ここでお伝えしたいのは、「ボルダリングがいい」という話ではなく、自分が自然体でいられる場所には結果として人が集まる、ということです。
とくに、短期集中型でメキメキ婚活に励んでいた人にとっては、本当にいい気分転換になります。婚活で削られた時間を、自分のために少し返してあげてください。それは婚活からの逃避ではなく、婚活をちゃんと続けるための「土台作り」でもあるんです。
まとめ|婚活がつらいなら、あなたを安売りしない場所を探していい
私って一生結婚できないかも……
藁にもすがる思いで婚活をはじめたのに、なかなか成果が出ないと、本気でそう思ってしまうんですよね。

相談所で、その言葉を私は何度も聞きました。
プロフィール写真を撮り直して、痩せて、笑顔の練習までして、それでも交際終了の連絡が続いたとき、人は本当にそう思ってしまうんです。
その気持ちを、無理に明るく塗り替えるつもりはありません。
私が言えるのは、その絶望は「あなたに問題があるから生まれている」ものではないかもしれない、ということだけです。
あなたが弱いから疲れたのではありません。あなたの魅力が伝わりにくい場所で、長く戦いすぎただけかもしれません。
努力でも、理想でも、自分磨きでもない。
ただ、今いる場所で、あなたの魅力がうまく値付けされていないだけかもしれないのです。

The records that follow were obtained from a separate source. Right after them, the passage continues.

text \<open>Fix a unit vector \<open>e\<close> of the sector and let \<open>\<theta>\<^sub>0 = min\<^sub>i \<theta>\<^sub>i(0)\<close>. Three families of
  quantities stay positive for all time: \<open>e \<bullet> v\<^sub>i - c\<close>; \<open>e \<bullet> v\<^sub>i - a(t) |v\<^sub>i|\<close>, i.e. the velocities
  stay in a cone around \<open>e\<close> whose aperture \<open>a(t)\<close> shrinks from \<open>a\<^sub>0\<close> to \<open>a\<^sub>0/2\<close>; and
  \<open>\<theta>\<^sub>i - \<tau>(t)\<close> for a temperature floor \<open>\<tau>(t)\<close> decreasing from \<open>\<theta>\<^sub>0/2\<close> to \<open>\<theta>\<^sub>0/4\<close>. At the first
  time one of them vanishes, the others are still nonnegative and its derivative is positive:
  alignment with the other agents points inwards, the decreasing profiles give slack, and on the
  projection boundary the cone forces \<open>|v\<^sub>i| \<le> 2c/a\<^sub>0\<close>, which for small \<open>c\<close> makes the
  self-propulsion \<open>\<sigma>(\<theta>\<^sub>i - |v\<^sub>i|\<^sup>p)\<close> accelerate. Hence \<open>|v\<^sub>i| \<ge> e \<bullet> v\<^sub>i \<ge> c\<close>.\<close>

lemma has_real_derivative_inner_const:
  fixes f :: "real \<Rightarrow> 'a::real_inner"
  assumes "(f has_vector_derivative f') (at t within S)"
  shows "((\<lambda>s. e \<bullet> f s) has_real_derivative e \<bullet> f') (at t within S)"
proof -
  have "((\<lambda>s. e \<bullet> f s) has_derivative (\<lambda>h. e \<bullet> (h *\<^sub>R f'))) (at t within S)"
    using assms unfolding has_vector_derivative_def by (rule has_derivative_inner_right)
  moreover have "(\<lambda>h. e \<bullet> (h *\<^sub>R f')) = (*) (e \<bullet> f')" by (auto simp: fun_eq_iff)
  ultimately show ?thesis unfolding has_field_derivative_def by simp
qed

lemma has_real_derivative_norm:
  fixes f :: "real \<Rightarrow> 'a::real_inner"
  assumes "(f has_vector_derivative f') (at t within S)" "f t \<noteq> 0"
  shows "((\<lambda>s. norm (f s)) has_real_derivative f t \<bullet> f' / norm (f t)) (at t within S)"
proof -
  have "(norm has_derivative (\<lambda>y. f t \<bullet> y / norm (f t))) (at (f t))"
    using has_derivative_norm[OF assms(2)]
    by (simp add: sgn_div_norm divide_inverse_commute inner_commute)
  from has_derivative_compose[OF assms(1)[unfolded has_vector_derivative_def] this]
  have "((\<lambda>s. norm (f s)) has_derivative (\<lambda>h. h * (f t \<bullet> f') / norm (f t))) (at t within S)"
    by (simp add: o_def)
  moreover have "(\<lambda>h. h * (f t \<bullet> f') / norm (f t)) = (*) (f t \<bullet> f' / norm (f t))"
    by (auto simp: fun_eq_iff)
  ultimately show ?thesis unfolding has_field_derivative_def by simp
qed

lemma neg_before_zero_of_pos_deriv:
  fixes f :: "real \<Rightarrow> real"
  assumes "(f has_real_derivative D) (at T within {0..})" "D > 0" "T > 0" "f T = 0"
  obtains t where "0 \<le> t" "t < T" "f t < 0"
proof -
  have "at T within {0..} = at T" using \<open>T > 0\<close> by (intro at_within_interior) auto
  with assms(1) have "DERIV f T :> D" by simp
  from DERIV_pos_inc_left[OF this \<open>D > 0\<close>] obtain d
    where d: "d > 0" "\<And>h. h > 0 \<Longrightarrow> h < d \<Longrightarrow> f (T - h) < f T" by blast
  let ?h = "min d T / 2"
  have "f (T - ?h) < 0" using d assms(3,4) by simp
  then show ?thesis using d(1) assms(3) by (intro that[of "T - ?h"]) auto
qed

lemma nonneg_at_end_of_positive_interval:
  fixes f :: "real \<Rightarrow> real"
  assumes "continuous_on {0..} f" "T > 0" "\<And>t. 0 \<le> t \<Longrightarrow> t < T \<Longrightarrow> f t > 0"
  shows "f T \<ge> 0"
proof -
  have "continuous_on (closure {0..<T}) f"
    using assms(1,2) by (auto intro: continuous_on_subset)
  moreover have "T \<in> closure {0..<T}" using assms(2) by simp
  ultimately show ?thesis
    by (rule continuous_ge_on_closure) (use assms(3) in \<open>force\<close>)
qed

lemma finite_family_stays_positive:
  fixes F :: "'i \<Rightarrow> real \<Rightarrow> real"
  assumes "finite I"
    and cont: "\<And>i. i \<in> I \<Longrightarrow> continuous_on {0..} (F i)"
    and init: "\<And>i. i \<in> I \<Longrightarrow> F i 0 > 0"
    and push: "\<And>t i. t > 0 \<Longrightarrow> i \<in> I \<Longrightarrow> (\<forall>j\<in>I. F j t \<ge> 0) \<Longrightarrow> F i t = 0 \<Longrightarrow>
        \<exists>D>0. (F i has_real_derivative D) (at t within {0..})"
    and "i \<in> I" "t \<ge> 0"
  shows "F i t > 0"
proof (rule ccontr)
  assume "\<not> F i t > 0"
  define S where "S = (\<Union>j\<in>I. {0..} \<inter> F j -` {..0})"
  have "closed S"
    unfolding S_def using cont
    by (intro closed_UN[OF \<open>finite I\<close>]) (auto intro: continuous_closed_preimage)
  moreover have "t \<in> S" using \<open>\<not> F i t > 0\<close> \<open>i \<in> I\<close> \<open>t \<ge> 0\<close> by (auto simp: S_def not_less)
  then have "S \<noteq> {}" by blast
  moreover have "bdd_below S" unfolding S_def by (rule bdd_belowI[of _ 0]) auto
  ultimately have "Inf S \<in> S" by (rule closed_contains_Inf[rotated -1])
  define T where "T = Inf S"
  from \<open>Inf S \<in> S\<close> obtain k where k: "k \<in> I" "T \<ge> 0" "F k T \<le> 0" by (auto simp: S_def T_def)
  have before: "F j s > 0" if "j \<in> I" "0 \<le> s" "s < T" for j s
  proof (rule ccontr)
    assume "\<not> F j s > 0"
    then have "s \<in> S" using that by (force simp: S_def not_less)
    then show False using cInf_lower[OF _ \<open>bdd_below S\<close>] \<open>s < T\<close> by (fastforce simp: T_def)
  qed
  have "T > 0" using k init[of k] by (cases "T = 0") auto
  have nonneg: "\<forall>j\<in>I. F j T \<ge> 0"
    using nonneg_at_end_of_positive_interval[OF cont \<open>T > 0\<close>] before by blast
  then have "F k T = 0" using k by force
  with push[OF \<open>T > 0\<close> k(1) nonneg] obtain D
    where "D > 0" "(F k has_real_derivative D) (at T within {0..})" by blast
  then obtain s where "0 \<le> s" "s < T" "F k s < 0"
    using neg_before_zero_of_pos_deriv \<open>T > 0\<close> \<open>F k T = 0\<close> by metis
  with before[OF k(1)] show False by fastforce
qed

だったら、全部やめなくていいです。今の活動も続けていい。ただ、もう一つだけ、自分が息をしやすい場所を持っておく。婚活をやめる前に、まず市場を変えてみてください。それだけで十分です。
まずは今週末、婚活のことを一切忘れて、あなたが一番リラックスできるお気に入りの場所へ出かけてみませんか?
そこが、あなたの輝く新しい市場への小さな入り口になるはずです。